● **Data extract**:

section \<open>Quantile transform\<close>

locale quantile_transform =
  fixes P :: "'a measure" and V X :: "'a \<Rightarrow> real"
  assumes prob_space: "prob_space P" and V[measurable]: "V \<in> borel_measurable P"
    and continuous_law_cdf: "continuous_on UNIV (law_cdf P V)"
    and X[measurable]: "X \<in> borel_measurable P"
    and X_nonneg: "\<And>\<omega>. \<omega> \<in> space P \<Longrightarrow> 0 \<le> X \<omega>"
begin

definition quantile :: "real \<Rightarrow> real" where
  "quantile u = Inf {x. u \<le> law_cdf P X x}"

text \<open>The map \<open>t \<mapsto> F\<^sub>X\<^sup>-\<^sup>1(F\<^sub>V(t))\<close>, set to \<open>0\<close> where \<open>F\<^sub>V(t) \<in> {0, 1}\<close> (a null set for \<open>V\<close>).\<close>
definition transform :: "real \<Rightarrow> real" where
  "transform t = (if 0 < law_cdf P V t \<and> law_cdf P V t < 1 then quantile (law_cdf P V t) else 0)"

interpretation distr_X: cdf_distribution "distr P borel X"
  using prob_space by (simp add: cdf_distribution_def prob_space.real_distribution_distr)

lemma quantile_eq_I: "quantile = distr_X.I"
  unfolding quantile_def law_cdf_eq_cdf_distr[OF X] ..

lemma le_law_cdf_iff_quantile_le: "0 < u \<Longrightarrow> u < 1 \<Longrightarrow> u \<le> law_cdf P X x \<longleftrightarrow> quantile u \<le> x"
  unfolding quantile_eq_I law_cdf_eq_cdf_distr[OF X] by (rule distr_X.pseudoinverse)

lemma quantile_nonneg:
  assumes "0 < u" "u < 1"
  shows "0 \<le> quantile u"
proof (rule ccontr)
  assume "\<not> 0 \<le> quantile u"
  then have "{\<omega>\<in>space P. X \<omega> \<le> quantile u} = {}" using X_nonneg by force
  then have "law_cdf P X (quantile u) = 0" unfolding law_cdf_def by (metis measure_empty)
  moreover have "u \<le> law_cdf P X (quantile u)" using assms le_law_cdf_iff_quantile_le by blast
  ultimately show False using assms by simp
qed

lemma transform_nonneg: "0 \<le> transform t"
  unfolding transform_def using quantile_nonneg by auto

lemma mono_on_transform: "mono_on {t. 0 < law_cdf P V t \<and> law_cdf P V t < 1} transform"
proof (rule mono_onI)
  fix s t assume "s \<in> {t. 0 < law_cdf P V t \<and> law_cdf P V t < 1}" "t \<in> {t. 0 < law_cdf P V t \<and> law_cdf P V t < 1}" "s \<le> t"
  moreover have "law_cdf P V s \<le> law_cdf P V t" using law_cdf_mono[OF prob_space V \<open>s \<le> t\<close>] .
  ultimately show "transform s \<le> transform t"
    using distr_X.mono_I unfolding transform_def quantile_eq_I by (auto simp: mono_on_def)
qed

lemma borel_measurable_transform[measurable]: "transform \<in> borel_measurable borel"
proof -
  have G: "law_cdf P V \<in> borel_measurable borel"
    by (rule borel_measurable_law_cdf[OF prob_space V])
  have "quantile \<in> borel_measurable (restrict_space borel {0<..<1})"
    unfolding quantile_eq_I by (rule distr_X.measurable_CI)
  then have Q: "(\<lambda>u. if u \<in> {0<..<1} then quantile u else 0) \<in> borel_measurable borel"
    by (subst measurable_restrict_space_iff[symmetric]) auto
  have "transform = (\<lambda>u. if u \<in> {0<..<1} then quantile u else 0) \<circ> law_cdf P V"
    unfolding transform_def by (auto simp: fun_eq_iff)
  then show ?thesis using measurable_comp[OF G Q] by simp
qed

text \<open>By the probability integral transform, \<open>F\<^sub>V(V)\<close> is uniform on \<open>(0, 1)\<close>.\<close>
theorem law_cdf_transform:
  assumes Z[measurable]: "Z \<in> borel_measurable P" and Z_eq: "AE \<omega> in P. Z \<omega> = transform (V \<omega>)"
  shows "law_cdf P Z = law_cdf P X"
proof (rule ext)
  fix x
  let ?G = "law_cdf P V" and ?F = "law_cdf P X"
  have [measurable]: "?G \<in> borel_measurable borel" by (rule borel_measurable_law_cdf[OF prob_space V])
  have "law_cdf P Z x = measure P {\<omega>\<in>space P. Z \<omega> \<le> x}"
    by (simp add: law_cdf_def)
  also have "\<dots> = measure P {\<omega>\<in>space P. ?G (V \<omega>) \<le> ?F x}"
  proof (rule measure_eq_AE)
    show "AE \<omega> in P. (\<omega> \<in> {\<omega> \<in> space P. Z \<omega> \<le> x}) = (\<omega> \<in> {\<omega> \<in> space P. ?G (V \<omega>) \<le> ?F x})"
      using Z_eq AE_law_cdf_strictly_between[OF prob_space V continuous_law_cdf]
    proof eventually_elim
      case (elim \<omega>)
      then have "Z \<omega> = quantile (?G (V \<omega>))" unfolding transform_def by simp
      then show ?case using elim(2) le_law_cdf_iff_quantile_le by auto
    qed
  qed (measurable, measurable)
  also have "\<dots> = ?F x"
  proof (cases "?F x < 1")
    case True
    show ?thesis using measure_law_cdf_le[OF prob_space V continuous_law_cdf _ True] by (simp add: law_cdf_def)
  next
    case False
    then have "?F x = 1" using law_cdf_le_1[OF prob_space] by (metis linorder_not_less order_antisym)
    then show ?thesis using law_cdf_le_1[OF prob_space] prob_space.prob_space[OF prob_space] by simp
  qed
  finally show "law_cdf P Z x = ?F x" .
qed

● **Work order**: Each line from the start of the listing above through the line containing "proof (rule mono_onI)" should be copied exactly, please, with no other lines added.

● **Written response**:
section \<open>Quantile transform\<close>

locale quantile_transform =
  fixes P :: "'a measure" and V X :: "'a \<Rightarrow> real"
  assumes prob_space: "prob_space P" and V[measurable]: "V \<in> borel_measurable P"
    and continuous_law_cdf: "continuous_on UNIV (law_cdf P V)"
    and X[measurable]: "X \<in> borel_measurable P"
    and X_nonneg: "\<And>\<omega>. \<omega> \<in> space P \<Longrightarrow> 0 \<le> X \<omega>"
begin

definition quantile :: "real \<Rightarrow> real" where
  "quantile u = Inf {x. u \<le> law_cdf P X x}"

text \<open>The map \<open>t \<mapsto> F\<^sub>X\<^sup>-\<^sup>1(F\<^sub>V(t))\<close>, set to \<open>0\<close> where \<open>F\<^sub>V(t) \<in> {0, 1}\<close> (a null set for \<open>V\<close>).\<close>
definition transform :: "real \<Rightarrow> real" where
  "transform t = (if 0 < law_cdf P V t \<and> law_cdf P V t < 1 then quantile (law_cdf P V t) else 0)"

interpretation distr_X: cdf_distribution "distr P borel X"
  using prob_space by (simp add: cdf_distribution_def prob_space.real_distribution_distr)

lemma quantile_eq_I: "quantile = distr_X.I"
  unfolding quantile_def law_cdf_eq_cdf_distr[OF X] ..

lemma le_law_cdf_iff_quantile_le: "0 < u \<Longrightarrow> u < 1 \<Longrightarrow> u \<le> law_cdf P X x \<longleftrightarrow> quantile u \<le> x"
  unfolding quantile_eq_I law_cdf_eq_cdf_distr[OF X] by (rule distr_X.pseudoinverse)

lemma quantile_nonneg:
  assumes "0 < u" "u < 1"
  shows "0 \<le> quantile u"
proof (rule ccontr)
  assume "\<not> 0 \<le> quantile u"
  then have "{\<omega>\<in>space P. X \<omega> \<le> quantile u} = {}" using X_nonneg by force
  then have "law_cdf P X (quantile u) = 0" unfolding law_cdf_def by (metis measure_empty)
  moreover have "u \<le> law_cdf P X (quantile u)" using assms le_law_cdf_iff_quantile_le by blast
  ultimately show False using assms by simp
qed

lemma transform_nonneg: "0 \<le> transform t"
  unfolding transform_def using quantile_nonneg by auto

lemma mono_on_transform: "mono_on {t. 0 < law_cdf P V t \<and> law_cdf P V t < 1} transform"
proof (rule mono_onI)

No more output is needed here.